***** SUPPLIED MATERIAL
(* Let $\mathcal M$ be a Hilbert space of $\mathcal Y$-valued functions on the unit ball $\mathbb B^d\subset\mathbb C^d$, and suppose there exist $T_1,\dots,T_d\in\mathcal L(\mathcal M)$ such that for every $f\in\mathcal M$ $$f(\boldsymbol\lambda)-f(0)=\sum_{j=1}^d\lambda_j(T_jf)(\boldsymbol\lambda)\ \ (\boldsymbol\lambda\in\mathbb B^d)\quad\text{and}\quad\sum_{j=1}^d\|T_jf\|^2_{\mathcal M}\le\|f\|^2_{\mathcal M}-\|f(0)\|^2_{\mathcal Y}.$$ Then $\mathcal M$ is isometrically equal to a space $\mathcal H(K^{\mathbf a}_{C,\mathbf A})$ for some contractive pair $(C,\mathbf A)$; consequently $\mathcal M$ is contractively included in the Arveson space $\mathcal H_{\mathcal Y}(k_d)$.
   Context: For a Hilbert space $\mathcal X$, $C\in\mathcal L(\mathcal X,\mathcal Y)$, $\mathbf A=(A_1,\dots,A_d)\in\mathcal L(\mathcal X)^d$: $(C,\mathbf A)$ is contractive if $C^*C+\sum_jA_j^*A_j\le I$. $\mathcal F_d$: free semigroup of words on $\{1,\dots,d\}$, $\mathbf A^v=A_{i_N}\cdots A_{i_1}$; abelianization $\mathbf a\colon\mathcal F_d\to\mathbb Z^d_+$ counts letter occurrences; $|\mathbf n|=\sum n_k$, $\mathbf n!=\prod n_k!$, $\boldsymbol\lambda^{\mathbf n}=\prod\lambda_k^{n_k}$. Arveson space $\mathcal H_{\mathcal Y}(k_d)$: functions $\sum_{\mathbf n}f_{\mathbf n}\boldsymbol\lambda^{\mathbf n}$ on $\mathbb B^d$ with $\|f\|^2=\sum_{\mathbf n}\frac{\mathbf n!}{|\mathbf n|!}\|f_{\mathbf n}\|^2<\infty$. $\widehat{\mathcal O}^{\mathbf a}_{C,\mathbf A}x=\sum_{\mathbf n}\big(\sum_{v\in\mathbf a^{-1}(\mathbf n)}C\mathbf A^vx\big)\boldsymbol\lambda^{\mathbf n}=C(I-\sum_j\lambda_jA_j)^{-1}x$, $\mathcal G^{\mathbf a}_{C,\mathbf A}=(\widehat{\mathcal O}^{\mathbf a}_{C,\mathbf A})^*\widehat{\mathcal O}^{\mathbf a}_{C,\mathbf A}$, $Q^{\mathbf a}$ the orthogonal projection onto $(\operatorname{Ker}\mathcal G^{\mathbf a}_{C,\mathbf A})^\perp$; $\mathcal H(K^{\mathbf a}_{C,\mathbf A})$ is $\operatorname{Ran}\widehat{\mathcal O}^{\mathbf a}_{C,\mathbf A}$ with norm $\|\widehat{\mathcal O}^{\mathbf a}_{C,\mathbf A}x\|=\|Q^{\mathbf a}x\|_{\mathcal X}$ (the reproducing kernel Hilbert space with kernel $C(I-\sum\lambda_jA_j)^{-1}(I-\sum\overline{\zeta_j}A_j^* )^{-1}C^*$). Contractive inclusion: $\mathcal M\subseteq\mathcal H_{\mathcal Y}(k_d)$ and $\|f\|_{\mathcal H_{\mathcal Y}(k_d)}\le\|f\|_{\mathcal M}$. *)

theory Defs
  imports "HOL-Analysis.Analysis" "HOL-Library.Function_Algebras"
begin

class cvector = ab_group_add +
  fixes scaleC :: "complex \<Rightarrow> 'a \<Rightarrow> 'a" (infixr "*\<^sub>C" 75)
  assumes scaleC_add_right: "a *\<^sub>C (x + y) = a *\<^sub>C x + a *\<^sub>C y"
    and scaleC_add_left: "(a + b) *\<^sub>C x = a *\<^sub>C x + b *\<^sub>C x"
    and scaleC_scaleC: "a *\<^sub>C (b *\<^sub>C x) = (a * b) *\<^sub>C x"
    and scaleC_one: "1 *\<^sub>C x = x"

instantiation "fun" :: (type, cvector) cvector
begin
definition scaleC_fun :: "complex \<Rightarrow> ('a \<Rightarrow> 'b) \<Rightarrow> 'a \<Rightarrow> 'b" where
  "scaleC_fun a f = (\<lambda>z. a *\<^sub>C f z)"
instance
  by standard (simp_all add: scaleC_fun_def fun_eq_iff scaleC_add_right scaleC_add_left
                  scaleC_scaleC scaleC_one)
end

text \<open>Norm induced by an inner product (inner products are linear in the first argument).\<close>
definition hnorm :: "('a \<Rightarrow> 'a \<Rightarrow> complex) \<Rightarrow> 'a \<Rightarrow> real" where
  "hnorm ip x = sqrt (Re (ip x x))"

definition is_hilbert :: "'a::cvector set \<Rightarrow> ('a \<Rightarrow> 'a \<Rightarrow> complex) \<Rightarrow> bool" where
  "is_hilbert V ip \<longleftrightarrow>
     0 \<in> V \<and> (\<forall>x\<in>V. \<forall>y\<in>V. x + y \<in> V) \<and> (\<forall>a. \<forall>x\<in>V. a *\<^sub>C x \<in> V)
   \<and> (\<forall>x\<in>V. \<forall>y\<in>V. \<forall>z\<in>V. ip (x + y) z = ip x z + ip y z)
   \<and> (\<forall>a. \<forall>x\<in>V. \<forall>y\<in>V. ip (a *\<^sub>C x) y = a * ip x y)
   \<and> (\<forall>x\<in>V. \<forall>y\<in>V. ip x y = cnj (ip y x))
   \<and> (\<forall>x\<in>V. 0 \<le> Re (ip x x))
   \<and> (\<forall>x\<in>V. ip x x = 0 \<longrightarrow> x = 0)
   \<and> (\<forall>s. (\<forall>n. s n \<in> V) \<and> (\<forall>e>0. \<exists>N. \<forall>m\<ge>N. \<forall>n\<ge>N. hnorm ip (s m - s n) < e)
          \<longrightarrow> (\<exists>l\<in>V. (\<lambda>n. hnorm ip (s n - l)) \<longlonglongrightarrow> 0))"

text \<open>Complex Hilbert spaces as types (used for the coefficient space Y).\<close>
class chilbert = cvector +
  fixes cinner :: "'a \<Rightarrow> 'a \<Rightarrow> complex"
  assumes cinner_add_left: "cinner (x + y) z = cinner x z + cinner y z"
    and cinner_scaleC_left: "cinner (a *\<^sub>C x) y = a * cinner x y"
    and cinner_commute: "cinner x y = cnj (cinner y x)"
    and cinner_nonneg: "0 \<le> Re (cinner x x)"
    and cinner_eq_zero: "cinner x x = 0 \<Longrightarrow> x = 0"
    and cinner_complete: "(\<forall>e>0. \<exists>N. \<forall>m\<ge>N. \<forall>n\<ge>N. sqrt (Re (cinner (s m - s n) (s m - s n))) < e)
          \<Longrightarrow> (\<exists>l. (\<lambda>n. sqrt (Re (cinner (s n - l) (s n - l)))) \<longlonglongrightarrow> 0)"

definition ynorm :: "'a::chilbert \<Rightarrow> real" where
  "ynorm x = hnorm cinner x"

definition is_blin :: "'a::cvector set \<Rightarrow> ('a \<Rightarrow> 'a \<Rightarrow> complex) \<Rightarrow>
    'b::cvector set \<Rightarrow> ('b \<Rightarrow> 'b \<Rightarrow> complex) \<Rightarrow> ('a \<Rightarrow> 'b) \<Rightarrow> bool" where
  "is_blin V ipV W ipW T \<longleftrightarrow>
     (\<forall>x\<in>V. T x \<in> W) \<and> (\<forall>x\<in>V. \<forall>y\<in>V. T (x + y) = T x + T y)
   \<and> (\<forall>a. \<forall>x\<in>V. T (a *\<^sub>C x) = a *\<^sub>C T x)
   \<and> (\<exists>K. \<forall>x\<in>V. hnorm ipW (T x) \<le> K * hnorm ipV x)"

text \<open>(C, A) contractive: C*C + sum_j A_j*A_j \<le> I, i.e. for all x,
  <(C*C + sum A_j*A_j) x, x> = |Cx|^2 + sum |A_j x|^2 \<le> |x|^2.\<close>
definition contractive_pair :: "'x::cvector set \<Rightarrow> ('x \<Rightarrow> 'x \<Rightarrow> complex) \<Rightarrow>
    ('x \<Rightarrow> 'y::chilbert) \<Rightarrow> ('d::finite \<Rightarrow> 'x \<Rightarrow> 'x) \<Rightarrow> bool" where
  "contractive_pair X ipX C A \<longleftrightarrow>
     (\<forall>x\<in>X. (ynorm (C x))\<^sup>2 + (\<Sum>j\<in>UNIV. (hnorm ipX (A j x))\<^sup>2) \<le> (hnorm ipX x)\<^sup>2)"

text \<open>Functions on the unit ball of C^d are represented as functions on complex^'d
  that vanish outside the open unit ball.
  Observability operator: (O x)(lam) = C (I - sum_j lam_j A_j)^{-1} x.\<close>
definition obs :: "'x::cvector set \<Rightarrow> ('x \<Rightarrow> 'y::chilbert) \<Rightarrow> ('d::finite \<Rightarrow> 'x \<Rightarrow> 'x) \<Rightarrow>
    'x \<Rightarrow> (complex^'d \<Rightarrow> 'y)" where
  "obs X C A x = (\<lambda>lam. if norm lam < 1
      then C (THE z. z \<in> X \<and> z - (\<Sum>j\<in>UNIV. (lam $ j) *\<^sub>C A j z) = x) else 0)"

definition orth_compl :: "'x set \<Rightarrow> ('x \<Rightarrow> 'x \<Rightarrow> complex) \<Rightarrow> 'x set \<Rightarrow> 'x set" where
  "orth_compl X ip S = {y\<in>X. \<forall>s\<in>S. ip y s = 0}"

definition orth_proj :: "('x::cvector \<Rightarrow> 'x \<Rightarrow> complex) \<Rightarrow> 'x set \<Rightarrow> 'x \<Rightarrow> 'x" where
  "orth_proj ip S x = (THE q. q \<in> S \<and> (\<forall>s\<in>S. ip (x - q) s = 0))"

text \<open>Q^a: orthogonal projection onto (Ker G)^perp, where Ker G = Ker O
  (since G = O* O).\<close>
definition Qa :: "'x::cvector set \<Rightarrow> ('x \<Rightarrow> 'x \<Rightarrow> complex) \<Rightarrow> ('x \<Rightarrow> 'y::chilbert) \<Rightarrow>
    ('d::finite \<Rightarrow> 'x \<Rightarrow> 'x) \<Rightarrow> 'x \<Rightarrow> 'x" where
  "Qa X ipX C A = orth_proj ipX (orth_compl X ipX {x\<in>X. obs X C A x = 0})"

definition mono_pow :: "complex^'d \<Rightarrow> ('d::finite \<Rightarrow> nat) \<Rightarrow> complex" where
  "mono_pow lam n = (\<Prod>j\<in>UNIV. (lam $ j) ^ (n j))"

definition mfact_ratio :: "('d::finite \<Rightarrow> nat) \<Rightarrow> real" where
  "mfact_ratio n = (\<Prod>j\<in>UNIV. fact (n j)) / fact (\<Sum>j\<in>UNIV. n j)"

definition yhas_sum :: "('i \<Rightarrow> 'y::chilbert) \<Rightarrow> 'i set \<Rightarrow> 'y \<Rightarrow> bool" where
  "yhas_sum f S l \<longleftrightarrow> (\<forall>e>0. \<exists>F. finite F \<and> F \<subseteq> S \<and>
      (\<forall>G. finite G \<and> F \<subseteq> G \<and> G \<subseteq> S \<longrightarrow> ynorm (sum f G - l) < e))"

definition arv_rep :: "(complex^'d::finite \<Rightarrow> 'y::chilbert) \<Rightarrow> (('d \<Rightarrow> nat) \<Rightarrow> 'y) \<Rightarrow> bool" where
  "arv_rep f c \<longleftrightarrow>
     (\<lambda>n. mfact_ratio n * (ynorm (c n))\<^sup>2) summable_on UNIV
   \<and> (\<forall>lam. norm lam < 1 \<longrightarrow> yhas_sum (\<lambda>n. mono_pow lam n *\<^sub>C c n) UNIV (f lam))
   \<and> (\<forall>lam. \<not> norm lam < 1 \<longrightarrow> f lam = 0)"

definition arveson :: "(complex^'d::finite \<Rightarrow> 'y::chilbert) set" where
  "arveson = {f. \<exists>c. arv_rep f c}"

definition arv_norm :: "(complex^'d::finite \<Rightarrow> 'y::chilbert) \<Rightarrow> real" where
  "arv_norm f = sqrt (\<Sum>\<^sub>\<infinity>n. mfact_ratio n * (ynorm ((THE c. arv_rep f c) n))\<^sup>2)"

end

(* Take X = M, C f = f(0) and A = T.  By the contractivity hypothesis and Cauchy-Schwarz,
   T(lam) = sum_j lam_j T_j has norm at most |lam| < 1 on the ball, so I - T(lam) is invertible
   on M, and the Gleason identity says (z - T(lam) z)(lam) = z(0).  Hence
   C (I - T(lam))^-1 h = h(lam): the observability operator is the identity of M, its kernel is
   trivial and Q^a = I.

   For the inclusion, iterating the Gleason identity gives
   f(lam) = sum_{|n| < N} f_n lam^n + (T(lam)^N f)(lam), with f_n = (sum_{a(v) = n} T^v f)(0)
   and a remainder of size O(|lam|^N).  Weighted Cauchy-Schwarz and contractivity show that
   E_k = sum_{|n| = k} n!/|n|! ||sum_{a(v) = n} T^v f||^2 satisfies
   E_(k+1) + sum_{|n| = k} n!/|n|! ||f_n||^2 <= E_k, and E_0 = ||f||^2, so
   sum_n n!/|n|! ||f_n||^2 <= ||f||^2.  Coefficients of an Arveson expansion are unique (a
   Kronecker substitution reduces this to power series in one variable), so the left-hand side
   is the squared Arveson norm of f. *)

theory Submission
  imports Defs
begin

section \<open>Hilbert spaces on a carrier set\<close>

lemma scaleC_zero_left [simp]: "(0::complex) *\<^sub>C (x::'a::cvector) = 0"
  using scaleC_add_left[of 0 0 x] by simp

lemma scaleC_zero_right [simp]: "a *\<^sub>C (0::'a::cvector) = 0"
  using scaleC_add_right[of a 0 0] by simp

lemma scaleC_minus1_left: "(-1) *\<^sub>C (x::'a::cvector) = - x"
  using scaleC_add_left[of 1 "-1" x] by (simp add: scaleC_one add_eq_0_iff)

lemma scaleC_minus_right: "a *\<^sub>C (- x::'a::cvector) = - (a *\<^sub>C x)"
  by (metis scaleC_minus1_left scaleC_scaleC mult.commute)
**********
- [GOAL OF THE EXERCISE] From the lines above, copy those that contain the word "contractivity".

- [RESPONSE FOR THIS EXERCISE]
(* Take X = M, C f = f(0) and A = T.  By the contractivity hypothesis and Cauchy-Schwarz,
   and a remainder of size O(|lam|^N).  Weighted Cauchy-Schwarz and contractivity show that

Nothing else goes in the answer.